The soft lines that run down her long dove-neck give the woman a queenly bearing. “I intentionally give the faces I sculpt a blurry aspect, so they look soft on the outside but hide various levels of emotions,” the artist explains.
Three sculptures in granite, arranged in an aesthetic triangle, are taken to another level of abstraction. A round, bald grey face is reduced to its simplest expression without any rough edges of the rock to disturb its smooth appearance.
Close to it, scarce womanly features emerge out of pink granite, revealing a slightly tilted head immersed in thought. Thick locks of hair fall neatly on her barely sculpted shoulder, following the curve of her face. The last sculpture that belongs to this inspirational trio is also in granite, though of a lighter shade. Here again the features are merely evoked, as if whispered to the ear of the visitor who succombs to the peaceful anonymity of the character.

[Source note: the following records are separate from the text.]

lemma prob_planted_clique_recovered_ge:
  fixes n k :: nat
  defines "L \<equiv> log 2 (real n)"
  assumes "n \<ge> 2" "sqrt n < k" "3 * L + 2 \<le> sqrt n"
    and "L * (9 * L + 5 - 2 * sqrt n) \<le> -2 * n powr (1/4)" and "4 * L \<le> d"
  shows "measure_pmf.prob (gnp_half n) {E. planted_clique_recovered n k d E}
           \<ge> 1 - exp (- (n powr (1/4)))"
proof -
  define m where "m = nat \<lceil>3 * L\<rceil>"
  define s where "s = nat \<lfloor>sqrt n\<rfloor>"
  define a where "a = s - m"
  have "L \<ge> 1" using \<open>n \<ge> 2\<close> by (simp add: L_def)
  then have m: "3 * L \<le> m" "m \<le> 3 * L + 1"
    unfolding m_def by linarith+
  have "real s = \<lfloor>sqrt n\<rfloor>" unfolding s_def by simp
  then have s: "sqrt n - 1 \<le> s" "s \<le> sqrt n"
    using floor_correct[of "sqrt n"] by linarith+
  then have "m \<le> s" using m assms(4) by linarith
  then have "a + m \<le> k" "sqrt n - 3 * L - 2 \<le> a"
    using s m \<open>sqrt n < k\<close> unfolding a_def by linarith+
  have "real m \<le> d" using m \<open>L \<ge> 1\<close> assms(6) by linarith
  then have "{E. \<not> has_biclique n E m a} \<subseteq> {E. planted_clique_recovered n k d E}"
    using \<open>a + m \<le> k\<close> by (auto intro: planted_clique_recovered_if_no_biclique)
  then have "measure_pmf.prob (gnp_half n) {E. \<not> has_biclique n E m a}
      \<le> measure_pmf.prob (gnp_half n) {E. planted_clique_recovered n k d E}"
    by (rule measure_pmf.finite_measure_mono) simp
  moreover have "measure_pmf.prob (gnp_half n) {E. \<not> has_biclique n E m a}
      = 1 - measure_pmf.prob (gnp_half n) {E. has_biclique n E m a}"
    using measure_pmf.prob_compl[of "{E. has_biclique n E m a}" "gnp_half n"]
    by (simp add: Compl_eq_Diff_UNIV[symmetric] Collect_neg_eq)
  moreover have "real n ^ (m + a) / 2 ^ (a * m) \<le> exp (- (n powr (1/4)))"
    using biclique_union_bound_le_exp \<open>n \<ge> 2\<close> m \<open>sqrt n - 3 * L - 2 \<le> a\<close> assms(5)
    unfolding L_def by blast
  ultimately show ?thesis
    using prob_has_biclique_le[of n m a] by linarith
qed

theorem proposition2p1:
  "\<exists>C0 r :: real. C0 > 0 \<and> r > 0 \<and>
    (\<forall>n k :: nat. real k > sqrt (real n) \<longrightarrow>
      measure_pmf.prob (gnp_half n)
        {E. \<forall>K. K \<subseteq> {..<n} \<and> card K = k \<longrightarrow>
              (\<forall>K'. is_max_clique n (E \<union> clique_edges K) K' \<longrightarrow>
                  real (card (K' \<inter> K)) \<ge> real k - C0 * log 2 (real n) \<and>
                  real (card (K' - K)) \<le> C0 * log 2 (real n))}
      \<ge> 1 - exp (- (real n powr r)))"
proof -
  have "\<forall>\<^sub>F x in at_top. 3 * log 2 x + 2 \<le> sqrt x" by real_asymp
  moreover have "\<forall>\<^sub>F x in at_top. log 2 x * (9 * log 2 x + 5 - 2 * sqrt x) \<le> -2 * x powr (1/4)"
    by real_asymp
  ultimately have "\<forall>\<^sub>F n in sequentially. 3 * log 2 (real n) + 2 \<le> sqrt n \<and>
      log 2 n * (9 * log 2 n + 5 - 2 * sqrt n) \<le> -2 * n powr (1/4)"
    by (intro eventually_compose_filterlim[OF _ filterlim_real_sequentially] eventually_conj)
  then obtain N where N: "\<And>n. n \<ge> N \<Longrightarrow> 3 * log 2 (real n) + 2 \<le> sqrt n \<and>
      log 2 n * (9 * log 2 n + 5 - 2 * sqrt n) \<le> -2 * n powr (1/4)"
    unfolding eventually_sequentially by blast
  define C0 where "C0 = max 4 (real N)"
  have "1 - exp (- (n powr (1/4)))
      \<le> measure_pmf.prob (gnp_half n) {E. planted_clique_recovered n k (C0 * log 2 n) E}"
    if "sqrt n < k" for n k :: nat
  proof (cases "n \<ge> 2 \<and> n \<ge> N")
    case True
    then show ?thesis
      using N that by (intro prob_planted_clique_recovered_ge) (auto simp: C0_def)
  next
    case False
    have "n < k \<or> real n \<le> C0 * log 2 n"
    proof (cases "n < 2")
      case True
      then have "real n \<le> sqrt n" by (auto simp: less_2_cases_iff)
      then show ?thesis using that by linarith
    next
      case False
      then have "real n \<le> C0" "1 \<le> log 2 n" using \<open>\<not> (n \<ge> 2 \<and> n \<ge> N)\<close> by (auto simp: C0_def)
      moreover have "C0 * 1 \<le> C0 * log 2 n"
        using \<open>1 \<le> log 2 n\<close> by (intro mult_left_mono) (auto simp: C0_def)
      ultimately show ?thesis by linarith
    qed
    then show ?thesis by (simp add: planted_clique_recovered_trivial)
  qed
  then show ?thesis
    unfolding planted_clique_recovered_def by (intro exI[of _ C0] exI[of _ "1/4"]) (auto simp: C0_def)
qed

end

A little further, an exquisite diamond-shaped face sculpted in white marble somehow reminds the viewer of an African statuette. One blank eye, pierced in the flesh of the rock, is evident while the other is hidden by a curly lock that surprises in the midst of these geometrical lines.

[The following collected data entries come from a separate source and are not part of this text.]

lemma shadow_exists_escape:
  assumes p: "p \<in> V" "snd p = l"
    and escaping_IH: "\<And>q \<sigma>. length \<sigma> \<le> N \<Longrightarrow> snd q = Suc l \<Longrightarrow> escaping q \<sigma> \<Longrightarrow>
      pi_min q \<le> sum \<pi> (set (butlast \<sigma>))"
    and Q: "rooted_path t (S @ s # R)" "snd t = Suc l" "length (S @ s # R) \<le> N" "S \<noteq> []" "hd S \<noteq> t"
    and S: "Suc (Suc l) \<le> snd (last S)" "dist (fst t) (fst (last S)) < 4 * rad (Suc l)"
    and s: "Suc (Suc l) \<le> snd s" "4 * rad (Suc l) \<le> dist (fst t) (fst s)"
    and IHQ: "\<And>t'. rooted_path t' (s # R) \<Longrightarrow> snd t' = Suc l \<Longrightarrow> \<exists>ch. shadow p (s # R) t' ch"
  shows "\<exists>ch. shadow p (S @ s # R) t ch"
proof -
  have Q': "t \<in> V" "distinct (S @ s # R)" "set (S @ s # R) \<subseteq> V" "adjacent (last S) s"
    using Q(1,4) unfolding rooted_path_def by (auto simp: successively_append_iff)
  have "rooted_path t (S @ [s])" using rooted_path_prefix[of t "S @ [s]" R] Q(1) by simp
  then have "escaping t (S @ [s])" using s(2) Q(2) unfolding escaping_def by simp
  then have pay_t: "pi_min t \<le> sum \<pi> (set S)" using escaping_IH[of "S @ [s]" t] Q(2,3) by simp
  define t' where "t' = anc (Suc l) s"
  have t': "t' \<in> V" "snd t' = Suc l" "dist (fst s) (fst t') < 6/5 * rad (Suc l)"
    using ancestor[of s "Suc l"] Q'(3) s(1) unfolding t'_def by auto
  have "rooted_path t' (s # R)"
    using rooted_path_suffix[OF Q(1) _ t'(1)] t'(2) Q(2) unfolding t'_def by simp
  then obtain ch where ch: "shadow p (s # R) t' ch" using IHQ t'(2) by blast
  have lastS: "last S \<in> V" using Q'(3) Q(4) by auto
  have "dist (fst s) (fst (last S)) < 2 * rad (Suc l)"
    using dist_adjacent[OF Q'(4) S(1)] s(1) by (simp add: dist_commute)
  then have "dist (fst t) (fst (last S)) < lam * rad (Suc l)"
    "dist (fst t') (fst (last S)) < lam * rad (Suc l)"
    using S(2) t'(3) dist_triangle[of "fst t'" "fst (last S)" "fst s"] dist_commute[of "fst t'" "fst s"]
      rad_pos[of "Suc l"] by (intro less_lam_rad, linarith)+
  moreover have "t \<noteq> t'"
    using s(2) t'(3) rad_pos[of "Suc l"] by (auto simp: dist_commute)
  ultimately have tt': "hadjacent t t'"
    using hadjacent_via[OF Q'(1) t'(1) _ _ fst_in_X[OF lastS]] Q(2) t'(2) by simp
  have pay: "pi_min p * rhos t \<le> sum \<pi> (set S)" if "near p t"
    using pi_min_mult_rho_star_le_pi_min[OF p Q'(1) Q(2) that] pay_t by linarith
  have "sum \<pi> (set S) + sum \<pi> (set (if hd (s # R) = t' then R else s # R)) \<le>
      sum \<pi> (set (S @ s # R))"
    using Q'(2,3) sum_pi_mono[of "set R" "set (s # R)"] by (auto simp: sum.union_disjoint)
  then have sums: "sum \<pi> (set S) + sum \<pi> (set (if hd (s # R) = t' then tl (s # R) else s # R)) \<le>
      sum \<pi> (set (if hd (S @ s # R) = t then tl (S @ s # R) else S @ s # R))"
    using Q(4,5) by (simp add: hd_append cong: if_cong)
  have "shadow p (S @ s # R) t (t # ch)"
    by (rule shadow_Cons[OF p(1) ch tt' pay _ _ sums])
      (use sum_pi_nonneg[of "set S"] Q'(3) Q(4) in simp_all)
  then show ?thesis ..
qed

lemma shadow_exists_resurface:
  assumes p: "p \<in> V" "snd p = l"
    and Q: "rooted_path t (S @ s # R)" "snd t = Suc l" "S \<noteq> []" "hd S \<noteq> t"
    and S: "Suc (Suc l) \<le> snd (last S)" "dist (fst t) (fst (last S)) < 4 * rad (Suc l)"
    and s: "snd s = Suc l"
    and IHQ: "\<And>t'. rooted_path t' (s # R) \<Longrightarrow> snd t' = Suc l \<Longrightarrow> \<exists>ch. shadow p (s # R) t' ch"
  shows "\<exists>ch. shadow p (S @ s # R) t ch"
proof -
  have Q': "t \<in> V" "distinct (S @ s # R)" "set (S @ s # R) \<subseteq> V" "adjacent (last S) s"
    using Q(1,3) unfolding rooted_path_def by (auto simp: successively_append_iff)
  have lastS: "last S \<in> V" using Q'(3) Q(3) by auto
  have "s = par (last S)" "snd (last S) = Suc (Suc l)"
    using adjacent_cases(3)[OF Q'(4)] S(1) s by auto
  then have "dist (fst (last S)) (fst s) < rad (Suc l)" using parent(3)[OF lastS] by simp
  have "anc (snd t) s = s" using anc_self[of s] s Q(2) by simp
  then have "rooted_path s (s # R)"
    using rooted_path_suffix[OF Q(1), of s] Q'(3) s Q(2) by simp
  then obtain ch where ch: "shadow p (s # R) s ch" using IHQ s by blast
  have sums: "sum \<pi> (set (s # R)) \<le> sum \<pi> (set (S @ s # R))"
    using Q'(3) by (intro sum_pi_mono) auto
  show ?thesis
  proof (cases "t = s")
    case True
    have "sum \<pi> (set R) \<le> sum \<pi> (set (S @ s # R))"
      using Q'(3) by (intro sum_pi_mono) auto
    then have "shadow p (S @ s # R) s ch"
      by (intro shadow_mono[OF ch]) (use Q(3,4) True in \<open>simp_all add: hd_append\<close>)
    then show ?thesis using True by blast
  next
    case False
    have "dist (fst t) (fst (last S)) < lam * rad (Suc l)"
      "dist (fst s) (fst (last S)) < lam * rad (Suc l)"
      using S(2) \<open>dist (fst (last S)) (fst s) < rad (Suc l)\<close> rad_pos[of "Suc l"]
      by (auto intro!: less_lam_rad simp: dist_commute)
    then have "hadjacent t s"
      using hadjacent_via[OF Q'(1) _ _ False fst_in_X[OF lastS]] Q'(3) Q(2) s by simp
    moreover have "pi_min p * rhos t \<le> \<pi> s" if "near p t"
      using pi_min_mult_rho_star_le[OF p Q'(1) Q(2) _ hadjacent_in_nbhd[OF \<open>hadjacent t s\<close>]] that p(2)
      unfolding near_def by simp
    moreover have "\<pi> s + sum \<pi> (set R) = sum \<pi> (set (s # R))" using Q'(2) by simp
    ultimately have "shadow p (S @ s # R) t (t # ch)"
      using shadow_Cons[OF p(1) ch, where B = "\<pi> s" and Q = "S @ s # R"] sums pi_pos[of s] Q'(3) Q(3,4)
      by (simp add: hd_append cong: if_cong)
    then show ?thesis ..
  qed
qed

lemma shadow_exists_deep:
  assumes p: "p \<in> V" "snd p = l"
    and escaping_IH: "\<And>q \<sigma>. length \<sigma> \<le> N \<Longrightarrow> snd q = Suc l \<Longrightarrow> escaping q \<sigma> \<Longrightarrow>
      pi_min q \<le> sum \<pi> (set (butlast \<sigma>))"
    and Q: "rooted_path t Q" "snd t = Suc l" "hd Q \<noteq> t" "length Q \<le> N"
    and IHQ: "\<And>R t'. length R < length Q \<Longrightarrow> rooted_path t' R \<Longrightarrow> snd t' = Suc l \<Longrightarrow>
      \<exists>ch. shadow p R t' ch"
  shows "\<exists>ch. shadow p Q t ch"
proof -
  define deep_near where "deep_near w \<longleftrightarrow> Suc (Suc l) \<le> snd w \<and> dist (fst t) (fst w) < 4 * rad (Suc l)" for w
  define S where "S = takeWhile deep_near Q"
  define R where "R = dropWhile deep_near Q"
  have Q': "Q \<noteq> []" "set Q \<subseteq> V" "\<forall>w\<in>set Q. Suc l \<le> snd w" "anc (Suc l) (hd Q) = t"
    using Q(1,2) unfolding rooted_path_def by auto
  have hdQ: "hd Q \<in> V" "Suc l \<le> snd (hd Q)" using Q'(1,2,3) by auto
  have "snd (hd Q) \<noteq> Suc l" using Q'(4) Q(3) anc_self[of "hd Q"] by auto
  moreover have "dist (fst t) (fst (hd Q)) < 4 * rad (Suc l)"
    using ancestor(3)[OF hdQ] Q'(4) rad_pos[of "Suc l"] by (simp add: dist_commute)
  ultimately have "deep_near (hd Q)" using hdQ(2) unfolding deep_near_def by simp
  then have S: "S \<noteq> []" "hd S = hd Q" unfolding S_def using Q'(1) by (cases Q; simp)+
  then have "deep_near (last S)" unfolding S_def by (metis last_in_set set_takeWhileD)
  then have lastS: "Suc (Suc l) \<le> snd (last S)" "dist (fst t) (fst (last S)) < 4 * rad (Suc l)"
    unfolding deep_near_def by auto
  have QSR: "Q = S @ R" unfolding S_def R_def by simp
  show ?thesis
  proof (cases R)
    case Nil
    then have "last Q = last S" using QSR by simp
    then show ?thesis using shadow_single[of t Q p] Q(1,2) Q'(2) lastS unfolding rooted_path_def by auto
  next
    case (Cons s R')
    have IHR: "\<exists>ch. shadow p (s # R') t' ch" if "rooted_path t' (s # R')" "snd t' = Suc l" for t'
      using IHQ[OF _ that] QSR Cons S(1) by simp
    have Q'': "rooted_path t (S @ s # R')" "hd S \<noteq> t" "length (S @ s # R') \<le> N"
      using Q QSR Cons S(2) by simp_all
    have "\<not> deep_near s" using Cons unfolding R_def by (metis dropWhile_eq_Cons_conv)
    show ?thesis
    proof (cases "Suc (Suc l) \<le> snd s")
      case True
      then have "4 * rad (Suc l) \<le> dist (fst t) (fst s)" using \<open>\<not> deep_near s\<close> unfolding deep_near_def by simp
      then show ?thesis
        using shadow_exists_escape[OF p escaping_IH Q''(1) Q(2) Q''(3) S(1) Q''(2) lastS True] IHR
          QSR Cons by simp
    next
      case False
      then have "snd s = Suc l" using Q'(3) QSR Cons by auto
      then show ?thesis
        using shadow_exists_resurface[OF p Q''(1) Q(2) S(1) Q''(2) lastS] IHR QSR Cons by simp
    qed
  qed
qed

lemma shadow_exists:
  assumes p: "p \<in> V" "snd p = l"
    and escaping_IH: "\<And>q \<sigma>. length \<sigma> \<le> N \<Longrightarrow> snd q = Suc l \<Longrightarrow> escaping q \<sigma> \<Longrightarrow>
      pi_min q \<le> sum \<pi> (set (butlast \<sigma>))"
  shows "rooted_path t Q \<Longrightarrow> snd t = Suc l \<Longrightarrow> length Q \<le> N \<Longrightarrow> \<exists>ch. shadow p Q t ch"
proof (induction "length Q" arbitrary: Q t rule: less_induct)
  case less
  have IHQ: "\<exists>ch. shadow p R t' ch"
    if "length R < length Q" "rooted_path t' R" "snd t' = Suc l" for R t'
    using less.hyps[OF that(1,2,3)] that(1) less.prems(3) by simp
  show ?case
  proof (cases "hd Q = t")
    case True
    then show ?thesis using shadow_exists_head[OF p less.prems(1,2) True IHQ] by blast
  next
    case False
    then show ?thesis
      using shadow_exists_deep[OF p escaping_IH less.prems(1,2) False less.prems(3) IHQ] by blast
  qed
qed

lemma pi_min_le_shadow:
  assumes H3': "H3' X a lam Xs par \<rho>" and p: "p \<in> V" "snd p = l"
    and ch: "shadow p Q t ch" and t: "snd t = Suc l" "dist (fst p) (fst t) < rad l"
    and far: "\<not> near p (last ch)"
  shows "pi_min p \<le> sum \<pi> (set (if hd Q = t then tl Q else Q))"
proof -
  have ch': "is_hpath X a lam Xs ch" "\<forall>x\<in>set ch. snd x = Suc l" "hd ch = t"
    using ch t(1) unfolding shadow_def by auto
  have tV: "t \<in> V" using ch' unfolding is_hpath_def by auto
  have "near p (hd ch)" using ch'(3) t(2) rad_pos[of l] p(2) unfolding near_def by simp
  then obtain h where h: "is_hpath X a lam Xs h" "hd h = t" "set h \<subseteq> set ch" "\<not> near p (last h)"
    "L_h X a lam Xs par h \<rho> \<le> hlength_within (near p) rhos ch"
    using L_h_exit_prefix_le[OF ch'(1), of "near p"] far ch'(3) by metis
  have "h \<in> Gamma_v X a lam Xs p"
    using h ch'(2) t fst_in_X[OF tV] p(2) unfolding Gamma_v_def Bx_def rad_def[symmetric] near_def
    by auto
  then have "1 \<le> L_h X a lam Xs par h \<rho>" using H3' p(1) unfolding H3'_def by blast
  then have "pi_min p \<le> pi_min p * hlength_within (near p) rhos ch"
    using h(5) pi_min_pos[OF p(1)] by (simp add: mult_le_cancel_left1 order.trans)
  also have "\<dots> \<le> sum \<pi> (set (if hd Q = t then tl Q else Q))" using ch unfolding shadow_def by blast
  finally show ?thesis .
qed

lemma shadow_last_not_near:
  assumes p: "p \<in> V" "snd p = l" and ch: "shadow p Q t ch" and t: "snd t = Suc l"
    and Q: "Q \<noteq> []" "\<forall>w\<in>set Q. Suc l \<le> snd w"
    and e: "adjacent (last Q) e" "l \<le> snd e" "4 * rad l \<le> dist (fst p) (fst e)"
  shows "\<not> near p (last ch)"
proof -
  have lastQ: "Suc l \<le> snd (last Q)" using Q by simp
  have "dist (fst (last ch)) (fst (last Q)) + dist (fst (last Q)) (fst e) \<le> 2 * rad l"
  proof (cases "snd (last Q) = Suc l")
    case True
    then have "last ch = last Q" using ch t unfolding shadow_def by simp
    then show ?thesis using dist_adjacent[OF e(1) lastQ e(2)] by simp
  next
    case False
    then have "dist (fst (last ch)) (fst (last Q)) < 4 * rad (Suc l)"
      using ch t unfolding shadow_def by simp
    moreover have "Suc l \<le> snd e"
      using adjacent_cases(3)[OF e(1)] lastQ False by auto
    then have "dist (fst (last Q)) (fst e) < 2 * rad (Suc l)"
      using dist_adjacent[OF e(1)] lastQ False by simp
    ultimately show ?thesis using six_rad_Suc_le[of l] rad_pos[of l] by linarith
  qed
  then show ?thesis
    using e(3) p(2) dist_triangle[of "fst p" "fst e" "fst (last ch)"]
      dist_triangle[of "fst (last ch)" "fst e" "fst (last Q)"] unfolding near_def p(2) by linarith
qed

lemma pi_min_le_sum_deeper:
  assumes H3': "H3' X a lam Xs par \<rho>" and p: "p \<in> V" "snd p = l"
    and P: "P \<noteq> []" "distinct P" "set P \<subseteq> V" "successively adjacent P" "\<forall>w\<in>set P. Suc l \<le> snd w"
      "anc l (hd P) = p"
    and e: "adjacent (last P) e" "l \<le> snd e" "4 * rad l \<le> dist (fst p) (fst e)"
    and escaping_IH: "\<And>q \<sigma>. length \<sigma> \<le> length P \<Longrightarrow> snd q = Suc l \<Longrightarrow> escaping q \<sigma> \<Longrightarrow>
      pi_min q \<le> sum \<pi> (set (butlast \<sigma>))"
  shows "pi_min p \<le> sum \<pi> (set P)"
proof -
  define t where "t = anc (Suc l) (hd P)"
  have hd: "hd P \<in> V" "Suc l \<le> snd (hd P)" using P(1,3,5) by auto
  have t: "t \<in> V" "snd t = Suc l" "par t = p"
    using ancestor[OF hd] par_anc_Suc[OF hd(2)] P(6) unfolding t_def by auto
  have "dist (fst p) (fst t) < rad l" using parent(3)[OF t(1)] t by (simp add: dist_commute)
  have "rooted_path t P" using P t(1,2) unfolding rooted_path_def t_def by auto
  then obtain ch where ch: "shadow p P t ch" using shadow_exists[OF p escaping_IH] t(2) by blast
  then have "\<not> near p (last ch)" using shadow_last_not_near[OF p ch t(2) P(1,5) e] by simp
  then have "pi_min p \<le> sum \<pi> (set (if hd P = t then tl P else P))"
    using pi_min_le_shadow[OF H3' p ch t(2) \<open>dist (fst p) (fst t) < rad l\<close>] by blast
  also have "\<dots> \<le> sum \<pi> (set P)" using P(3) list.set_sel(2)[OF P(1)] by (intro sum_pi_mono) auto
  finally show ?thesis .
qed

A few steps on, two tall totem-like statues are displayed, all rectangular and narrow. The artist carved straight lines into the rock that seems to have bent to his will. The disproportionate size of the nose that runs from the tip of the forehead and almost brushes the full-lipped mouth of the sculpture, and the indecipherable look expressed through the frozen eyes, are mesmerizing.

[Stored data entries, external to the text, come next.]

text \<open>
  Write W_j = \<Sum>_i \<langle>V_j, V_i\<rangle> U_i, P_j = W_j U_j^\<dagger> and Q_j = U_j^\<dagger> W_j.  The U-equation reads
  U_j' = \<kappa>_1/N (P_j - P_j^\<dagger>) U_j + \<kappa>_2/N U_j (Q_j - Q_j^\<dagger>), and since the weights are
  Hermitian, the U-part of the derivative of \<Sum>_i_j \<langle>U_i, U_j\<rangle> \<langle>V_i, V_j\<rangle> is
  2 Re \<Sum>_j \<langle>W_j, U_j'\<rangle>.  Moving U_j across the Frobenius product turns
  \<langle>W_j, (P_j - P_j^\<dagger>) U_j\<rangle> into \<langle>P_j, P_j - P_j^\<dagger>\<rangle>, whose doubled real part is
  \<parallel>P_j - P_j^\<dagger>\<parallel>^2, and likewise for Q_j.  So the U-part is
  \<Sum>_j \<kappa>_1/N \<parallel>P_j - P_j^\<dagger>\<parallel>^2 + \<kappa>_2/N \<parallel>Q_j - Q_j^\<dagger>\<parallel>^2 \<ge> 0, and the V-part is the same
  with U and V exchanged.
\<close>

lemma cadj_cadj [simp]: "cadj (cadj A) = A"
  by (simp add: cadj_def vec_eq_iff)

lemma cadj_matrix_mult: "cadj (A ** B) = cadj B ** cadj A"
  by (simp add: cadj_def vec_eq_iff matrix_matrix_mult_def mult.commute)

lemma cadj_sum: "cadj (\<Sum>i\<in>I. A i) = (\<Sum>i\<in>I. cadj (A i))"
  by (simp add: cadj_def vec_eq_iff)

lemma cadj_cscale: "cadj (cscale c A) = cscale (cnj c) (cadj A)"
  by (simp add: cadj_def cscale_def vec_eq_iff)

Surprisingly enough, the sculptor drew his inspiration from ancient Egyptian art to create these pieces. “Look at the forehead; I carved a protuberant parting of hair that is an abstract version of the sacred cobra which pharaohs wore on their wigs,” he explains, running his finger down the statue’s flat back.
The last piece worth mentioning is one representing the sound-asleep face of a very young child, also in white marble. His thin lids cover his resting eyes like pieces of transparent silk, while his face bears the true expression of peacefulness.
But the general harmony of the sculpture is rent apart by two copper microphones sticking out of the child’s ears. “This is the sneaky person par excellence,” confesses the sculptor, pointing at the microphones. “He is constantly listening to whatever is being said around him, while draping his face with innocence,” he explains, showing the peaceful face to be a mask.
Abdel Rahman says that this baby face is his first experiment with marble, which he sculpted four years ago. Before that he used to work solely with materials such as polyester, copper, clay, bronze and granite.
The sculptor concludes by saying that his love for granite came from “the rock’s ability to forgive a mistake. Marble, on the other hand, is a very complex rock to work with, as the tiniest error instantly becomes a major one.”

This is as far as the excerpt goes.